(* Let $S\le T_n$ be a transformation monoid and $G$ the normalizer of $S$ in $S_n$. If $a\in S$ is $\mathcal L$-related in $SG$ to an idempotent $e$ of $SG$, then $e\in S$ and $a$ is $\mathcal L$-related in $S$ to $e$.
   Context: A transformation monoid is a subsemigroup of $T_n$ containing the identity map; $G=\{g\in S_n:g^{-1}Sg=S\}$ and $SG=\{sg:s\in S,g\in G\}$, a semigroup. For a semigroup $U$, elements $a,b\in U$ are $\mathcal L$-related in $U$ if there exist $u,v\in U^1$ with $a=ub$ and $b=va$, where $U^1$ is $U$ with an identity adjoined. *)

theory Defs
  imports Main
begin

text \<open>Transformations of a finite set X (the type 'a, playing the role of {1..n}) are
  all functions X => X.  Following the usual convention in semigroup theory,
  maps act on the right: the product s g means "first s, then g", i.e. g o s.\<close>

definition tmul :: "('a \<Rightarrow> 'a) \<Rightarrow> ('a \<Rightarrow> 'a) \<Rightarrow> ('a \<Rightarrow> 'a)" where
  "tmul s g = g \<circ> s"

definition tmonoid :: "('a \<Rightarrow> 'a) set \<Rightarrow> bool" where
  "tmonoid S \<longleftrightarrow> id \<in> S \<and> (\<forall>s\<in>S. \<forall>t\<in>S. tmul s t \<in> S)"

definition normalizer :: "('a \<Rightarrow> 'a) set \<Rightarrow> ('a \<Rightarrow> 'a) set" where
  "normalizer S = {g. bij g \<and> {tmul (tmul (inv g) s) g | s. s \<in> S} = S}"

definition SG :: "('a \<Rightarrow> 'a) set \<Rightarrow> ('a \<Rightarrow> 'a) set" where
  "SG S = {tmul s g | s g. s \<in> S \<and> g \<in> normalizer S}"

text \<open>Green's L-relation in a semigroup U of transformations: a = u b and b = v a
  for some u, v in U^1.  Adjoining an identity to U amounts to allowing u = id.\<close>
definition L_rel :: "('a \<Rightarrow> 'a) set \<Rightarrow> ('a \<Rightarrow> 'a) \<Rightarrow> ('a \<Rightarrow> 'a) \<Rightarrow> bool" where
  "L_rel U a b \<longleftrightarrow> a \<in> U \<and> b \<in> U \<and>
     (\<exists>u \<in> insert id U. a = tmul u b) \<and> (\<exists>v \<in> insert id U. b = tmul v a)"

end

theory Submission
  imports Defs "HOL-Combinatorics.Cycles"
begin

text \<open>In composition notation the hypotheses give e = a \<circ> h \<circ> t with t \<in> S and h a
  permutation normalizing S (the case without a factor from SG being trivial).  As e is
  idempotent, e = (a \<circ> h \<circ> t)^m = a \<circ> (h \<circ> t \<circ> a)^(m-1) \<circ> h \<circ> t for every m > 0.
  Since h \<circ> S = S \<circ> h, the map (h \<circ> t \<circ> a)^(m-1) \<circ> h equals X \<circ> h^m for some X \<in> S, and taking
  for m the order of h yields e = a \<circ> (X \<circ> t) with X \<circ> t \<in> S.  So e \<in> S, and e is L-related to a
  in S because the other half, a = e \<circ> a, holds already.\<close>

lemma tmonoid_comp_closed:
  assumes "tmonoid S" "x \<in> S" "y \<in> S"
  shows "x \<circ> y \<in> S"
  using assms unfolding tmonoid_def tmul_def by auto

lemma normalizer_comp_commute:
  assumes "h \<in> normalizer S" "s \<in> S"
  obtains s' where "s' \<in> S" "h \<circ> s = s' \<circ> h"
proof
  have "bij h" and conj_eq: "{tmul (tmul (inv h) s) h | s. s \<in> S} = S"
    using assms(1) unfolding normalizer_def by auto
  show "h \<circ> s \<circ> inv h \<in> S"
    using conj_eq assms(2) unfolding tmul_def by (auto simp: comp_assoc)
  show "h \<circ> s = h \<circ> s \<circ> inv h \<circ> h"
    using \<open>bij h\<close> by (simp add: comp_assoc bij_is_inj)
qed

lemma normalizer_funpow_comp:
  assumes "tmonoid S" "h \<in> normalizer S" "b \<in> S"
  obtains X where "X \<in> S" "(h \<circ> b) ^^ k = X \<circ> h ^^ k"
proof (induction k arbitrary: thesis)
  case 0
  then show ?case using assms(1) unfolding tmonoid_def by auto
next
  case (Suc k)
  obtain X where X: "X \<in> S" "(h \<circ> b) ^^ k = X \<circ> h ^^ k" by (rule Suc.IH)
  have "b \<circ> X \<in> S" using tmonoid_comp_closed assms(1,3) X(1) .
  then obtain X' where X': "X' \<in> S" "h \<circ> (b \<circ> X) = X' \<circ> h"
    using normalizer_comp_commute assms(2) by blast
  have "(h \<circ> b) ^^ Suc k = h \<circ> (b \<circ> X) \<circ> h ^^ k"
    using X(2) by (simp add: comp_assoc)
  also have "\<dots> = X' \<circ> h ^^ Suc k"
    using X'(2) by (simp add: comp_assoc)
  finally show ?case using Suc.prems X'(1) by blast
qed

lemma funpow_comp_rotate: "(f \<circ> g) ^^ n \<circ> f = f \<circ> (g \<circ> f) ^^ n"
proof (induction n)
  case (Suc n)
  have "(f \<circ> g) ^^ Suc n \<circ> f = f \<circ> g \<circ> ((f \<circ> g) ^^ n \<circ> f)"
    by (simp only: funpow.simps comp_assoc)
  also have "\<dots> = f \<circ> (g \<circ> f) ^^ Suc n"
    by (simp only: Suc.IH funpow.simps comp_assoc)
  finally show ?case .
qed simp

lemma idempotent_funpow:
  assumes "e \<circ> e = e" "n > 0"
  shows "e ^^ n = e"
  using assms(2)
proof (induction n rule: nat_induct_non_zero)
  case (Suc n)
  then show ?case using assms(1) by simp
qed simp

lemma bij_funpow_order:
  fixes h :: "'a::finite \<Rightarrow> 'a"
  assumes "bij h"
  obtains m where "m > 0" "h ^^ m = id"
proof -
  have "h permutes UNIV"
    using assms by (intro bij_imp_permutes) auto
  then have "permutation h"
    by (simp add: permutes_imp_permutation)
  then show ?thesis
    using permutation_is_nilpotent that by metis
qed

lemma idempotent_normalizer_factor:
  fixes a :: "'a::finite \<Rightarrow> 'a"
  assumes "tmonoid S" "a \<in> S" "t \<in> S" "h \<in> normalizer S"
    and "e \<circ> e = e" "e = a \<circ> (h \<circ> t)"
  obtains w where "w \<in> S" "e = a \<circ> w"
proof -
  obtain m where m: "m > 0" "h ^^ m = id"
    using bij_funpow_order assms(4) unfolding normalizer_def by blast
  have "t \<circ> a \<in> S" using tmonoid_comp_closed[OF assms(1,3,2)] .
  then obtain X where X: "X \<in> S" "(h \<circ> (t \<circ> a)) ^^ (m - 1) = X \<circ> h ^^ (m - 1)"
    using normalizer_funpow_comp assms(1,4) by blast
  have pow_m: "f ^^ m = f ^^ (m - 1) \<circ> f" for f :: "'a \<Rightarrow> 'a"
    using funpow_Suc_right[of "m - 1" f] m(1) by simp
  have "e = (a \<circ> (h \<circ> t)) ^^ m"
    unfolding assms(6)[symmetric] using idempotent_funpow[OF assms(5) m(1)] by simp
  also have "\<dots> = (a \<circ> (h \<circ> t)) ^^ (m - 1) \<circ> a \<circ> (h \<circ> t)"
    by (simp only: pow_m comp_assoc)
  also have "\<dots> = a \<circ> (h \<circ> t \<circ> a) ^^ (m - 1) \<circ> (h \<circ> t)"
    by (simp only: funpow_comp_rotate)
  also have "\<dots> = a \<circ> ((h \<circ> (t \<circ> a)) ^^ (m - 1) \<circ> h) \<circ> t"
    by (simp only: comp_assoc)
  also have "(h \<circ> (t \<circ> a)) ^^ (m - 1) \<circ> h = X \<circ> h ^^ m"
    by (simp only: pow_m X(2) comp_assoc)
  finally have "e = a \<circ> (X \<circ> t)"
    by (simp only: m(2) comp_id comp_assoc)
  then show ?thesis using that tmonoid_comp_closed assms(1,3) X(1) by blast
qed

theorem lemma4p3:
  fixes S :: "('a::finite \<Rightarrow> 'a) set" and a e :: "'a \<Rightarrow> 'a"
  assumes "tmonoid S"
    and "a \<in> S"
    and "e \<in> SG S" and "tmul e e = e"
    and "L_rel (SG S) a e"
  shows "e \<in> S \<and> L_rel S a e"
proof -
  have idem: "e \<circ> e = e" using assms(4) unfolding tmul_def .
  obtain u v where a_eq: "a = e \<circ> u" and v: "v \<in> insert id (SG S)" "e = a \<circ> v"
    using assms(5) unfolding L_rel_def tmul_def by blast
  obtain w where w: "w \<in> S" "e = a \<circ> w"
  proof (cases "v = id")
    case True
    then show ?thesis using that v(2) assms(1) unfolding tmonoid_def by auto
  next
    case False
    then obtain t h where "t \<in> S" "h \<in> normalizer S" "v = h \<circ> t"
      using v(1) unfolding SG_def tmul_def by auto
    then show ?thesis
      using idempotent_normalizer_factor assms(1,2) idem v(2) that by blast
  qed
  have "e \<in> S" using w tmonoid_comp_closed assms(1,2) by blast
  moreover have "a = tmul a e" using a_eq idem unfolding tmul_def by (metis comp_assoc)
  moreover have "e = tmul w a" using w(2) unfolding tmul_def .
  ultimately show ?thesis using assms(2) w(1) unfolding L_rel_def by blast
qed

end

- [PROBLEM DETAILS]: Work through the records above. Copy every line with the string "moreover".

- [TASK RESPONSE]:
  moreover have "a = tmul a e" using a_eq idem unfolding tmul_def by (metis comp_assoc)
  moreover have "e = tmul w a" using w(2) unfolding tmul_def .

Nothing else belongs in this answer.